SANTA NATÁLIA E COMPANHEIROS, Mártires de Córdoba.


Em 711, um exército muçulmano vindo do Norte da África conquistou a Ibéria visigótica cristã. Sob o seu líder, Tárique (Tariq ibn Ziyad), eles desembarcaram em Gibraltar e colocaram a maior parte da Península Ibérica sob o jugo do Islã numa campanha que durou oito anos. A região foi rebatizada de Al-Andalus pelos novos líderes. Quando os califas omiadas foram depostos pelos abássidas em Damasco em 750 d.C., os sobreviventes da dinastia se mudaram para Córdoba e ali passaram a governar um emirado, tornando a cidade um centro da cultura islâmica ibérica.
Uma vez conquistada a Ibéria, a sharia (lei islâmica) foi imposta em todo o território. Os cristãos e os judeus eram chamados de dhimmis ("povos do livro") e estavam sujeitos à jizyah, um imposto pago por pessoa, que os permitia viver sob o regime islâmico. Sob a sharia, a blasfêmia contra o Islã, seja por muçulmanos ou dhimmis, e a apostasia eram motivos suficientes para a pena de morte.
Apesar de quatro basílicas cristãs e diversos mosteiros - mencionados no Martirológio de Eulógio - terem permanecido abertos, os moçárabes (cristãos em território muçulmano) foram gradualmente aderindo ao Islamismo, num processo estimulado pela taxação e pela discriminação legal imposta aos cristãos (como as leis regulando os filhos de casamentos entre cristãos e muçulmanos).
De forma incomum, Recafredo, bispo de Córdobra, ensinava as virtudes da tolerância e da acomodação com as autoridades muçulmanas, que não ajudou a estancar as conversões. Para espanto de Eulógio, cujos textos são a única fonte para os martírios e que passou a ser venerado como santo ainda no século IX, o bispo ficou do lado das autoridades muçulmanas contra os martírios, que ele entendia serem obra de fanáticos.

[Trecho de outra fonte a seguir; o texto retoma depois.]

lemma act_T_eq_zero_iff:
  assumes v: "v \<in> V"
  shows "act T v = V_zero \<longleftrightarrow> v \<in> socV"
proof
  assume "v \<in> socV"
  then show "act T v = V_zero" by (simp add: act_socV T_el_def V_zero_def fun_eq_iff)
next
  assume T: "act T v = V_zero"
  show "v \<in> socV"
  proof (cases "1 < n")
    case True
    have "v i j = 0" if "i < t" "j + 1 < L i" for i j
    proof -
      have "act T v i (j + 1) = 0" using T by (simp add: V_zero_def)
      then show ?thesis using that True v by (simp add: act_T_apply memV_mod)
    qed
    then show ?thesis using v by (simp add: socV_def)
  next
    case False
    then show ?thesis using v L_eq_1 by (auto simp: socV_def)
  qed
qed

lemma socU_zero: "U_zero \<in> socU"
  by (simp add: socU_def U_zero_def U.zero_closed[unfolded U_zero_def])

lemma socV_zero: "V_zero \<in> socV"
  by (simp add: socV_def V_zero_def V.zero_closed[unfolded V_zero_def])

lemma socU_add: "x \<in> socU \<Longrightarrow> y \<in> socU \<Longrightarrow> addU x y \<in> socU"
  using p_power_L by (auto simp: socU_def addU_apply U.add_closed intro!: dvd_mod)

lemma socU_neg: "x \<in> socU \<Longrightarrow> negU x \<in> socU"
  using p_power_L by (auto simp: socU_def negU_apply U.neg_closed intro!: dvd_mod)

lemma socV_add: "v \<in> socV \<Longrightarrow> w \<in> socV \<Longrightarrow> addV v w \<in> socV"
  by (auto simp: socV_def addV_apply V.add_closed)

lemma socV_neg: "v \<in> socV \<Longrightarrow> negV v \<in> socV"
  by (auto simp: socV_def negV_apply V.neg_closed)

lemma socV_act: "v \<in> socV \<Longrightarrow> act c v \<in> socV"
  using act_in[of c v] by (simp add: socV_def act_socV)

definition digits :: "(nat \<Rightarrow> int) \<Rightarrow> nat \<Rightarrow> nat \<Rightarrow> int" where
  "digits x = (\<lambda>i j. if i < t \<and> j < L i then (x i div int p ^ j) mod int p else 0)"

definition undigits :: "(nat \<Rightarrow> nat \<Rightarrow> int) \<Rightarrow> nat \<Rightarrow> int" where
  "undigits v = (\<lambda>i. if i < t then (\<Sum>j<L i. v i j * int p ^ j) else 0)"

lemma digits_in [simp]: "digits x \<in> V"
  by (simp add: memV digits_def)

lemma undigits_in [simp]: "v \<in> V \<Longrightarrow> undigits v \<in> U"
  using digit_sum_bounds[of "L _" "v _"] by (auto simp: memU memV undigits_def)

lemma undigits_digits [simp]: "x \<in> U \<Longrightarrow> undigits (digits x) = x"
  by (rule U_eqI[OF undigits_in[OF digits_in]]) (auto simp: undigits_def digits_def digit_sum_digits memU_mod)

lemma digits_undigits [simp]: "v \<in> V \<Longrightarrow> digits (undigits v) = v"
  by (rule V_eqI) (auto simp: undigits_def digits_def memV intro!: digit_of_digit_sum)

lemma bij_betw_digits: "bij_betw digits U V"
  by (rule bij_betwI[where g = undigits]) simp_all

lemma digits_eqI: "x \<in> U \<Longrightarrow> v \<in> V \<Longrightarrow> undigits v = x \<Longrightarrow> digits x = v"
  by auto

lemma digits_zero: "digits U_zero = V_zero"
  by (simp add: digits_def U_zero_def V_zero_def fun_eq_iff)

lemma undigits_zero: "undigits V_zero = U_zero"
  by (simp add: undigits_def U_zero_def V_zero_def fun_eq_iff)

lemma undigits_mod_p:
  assumes "v \<in> V" "i < t"
  shows "undigits v i mod int p = v i 0"
proof -
  have "digits (undigits v) i 0 = v i 0" using assms(1) by simp
  then show ?thesis using L_pos[OF assms(2)] assms(2) by (simp add: digits_def)
qed

lemma socU_digit:
  assumes "z \<in> socU" "i < t"
  shows "z i = (z i div int p ^ (L i - 1)) * int p ^ (L i - 1)"
    and "0 \<le> z i div int p ^ (L i - 1)" "z i div int p ^ (L i - 1) < int p"
proof -
  have d: "int p ^ (L i - 1) dvd z i" and b: "0 \<le> z i" "z i < int p ^ L i"
    using assms by (auto simp: socU_def memU)
  show e: "z i = (z i div int p ^ (L i - 1)) * int p ^ (L i - 1)" using d by simp
  show "0 \<le> z i div int p ^ (L i - 1)" using b by (simp add: pos_imp_zdiv_nonneg_iff)
  have "(z i div int p ^ (L i - 1)) * int p ^ (L i - 1) < int p * int p ^ (L i - 1)"
    using e b p_power_L[OF assms(2)] by simp
  then show "z i div int p ^ (L i - 1) < int p" by (simp add: mult_less_cancel_right)
qed

lemma digits_socU:
  assumes z: "z \<in> socU" and i: "i < t"
  shows "digits z i j = (if j = L i - 1 then z i div int p ^ (L i - 1) else 0)"
proof -
  define c where "c = z i div int p ^ (L i - 1)"
  have zi: "z i = c * int p ^ (L i - 1)" and c: "0 \<le> c" "c < int p"
    using socU_digit[OF z i] by (simp_all add: c_def)
  have "(z i div int p ^ j) mod int p = 0" if "j < L i - 1"
  proof -
    have "int p ^ (L i - 1) = int p ^ (L i - 1 - j) * int p ^ j"
      using that by (simp add: power_add[symmetric])
    then have "z i div int p ^ j = c * int p ^ (L i - 1 - j)" by (simp add: zi mult.assoc)
    moreover have "int p dvd int p ^ (L i - 1 - j)" using that by (intro dvd_power) auto
    ultimately show ?thesis by simp
  qed
  then show ?thesis unfolding c_def[symmetric] using zi c i L_pos[OF i] by (auto simp: digits_def)
qed

lemma digits_socU_in:
  assumes "z \<in> socU"
  shows "digits z \<in> socV"
proof -
  have "digits z i j = 0" if "i < t" "j + 1 < L i" for i j
    using digits_socU[OF assms that(1)] that by simp
  then show ?thesis by (simp add: socV_def)
qed

lemma undigits_socV:
  assumes "v \<in> socV" "i < t"
  shows "undigits v i = v i (L i - 1) * int p ^ (L i - 1)"
proof -
  have "(\<Sum>j<L i. v i j * int p ^ j) = (\<Sum>j\<in>{..<L i}. if j = L i - 1 then v i (L i - 1) * int p ^ (L i - 1) else 0)"
    by (rule sum.cong) (use assms in \<open>auto simp: socV_def\<close>)
  also have "\<dots> = v i (L i - 1) * int p ^ (L i - 1)"
    using L_pos[OF assms(2)] by (subst sum.delta) auto
  finally show ?thesis using assms by (simp add: undigits_def)
qed

lemma undigits_socV_in:
  assumes "v \<in> socV"
  shows "undigits v \<in> socU"
proof -
  have "undigits v \<in> U" using assms socV_in_V by simp
  then show ?thesis using assms by (simp add: socU_def undigits_socV)
qed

O fechamento dos mosteiros começou a aparecer nos registros a partir da metade deste mesmo século.
Santo Eulógio encorajava os mártires como forma de reforçar a fé da comunidade cristã, como nos tempos das perseguições aos cristãos sob o Império Romano. Ele compôs tratados e um martirológio para justificar a autoimolação dos mártires, dos quais um único manuscrito contendo sua Documentum martyriale, os três livros de sua Memoriale sanctorum e sua Liber apologeticus martyrum, foi preservado em Oviedo, no reino cristão das Astúrias, no extremo noroeste da Ibéria.
Santo Eulógio foi enterrado na Catedral de San Salvador, em Oviedo, para onde as suas relíquias foram transladadas em 884 d.C.

As execuções
Os quarenta e oito cristãos (a maioria monges) foram martirizados em Córdoba na década de 860 por decapitação por ofensas religiosas contra o Islã.
A Acta detalhada destes martírios foi atribuída ao habilmente chamado "Eulogius" ("benção"), que foi um dos últimos a morrer. Embora a maior parte dos mártires de Córdoba terem sido hispânicos, beto-romanos ou visigodos, houve um árabe, um sírio, um monge grego e dois outros cujos nomes eram gregos.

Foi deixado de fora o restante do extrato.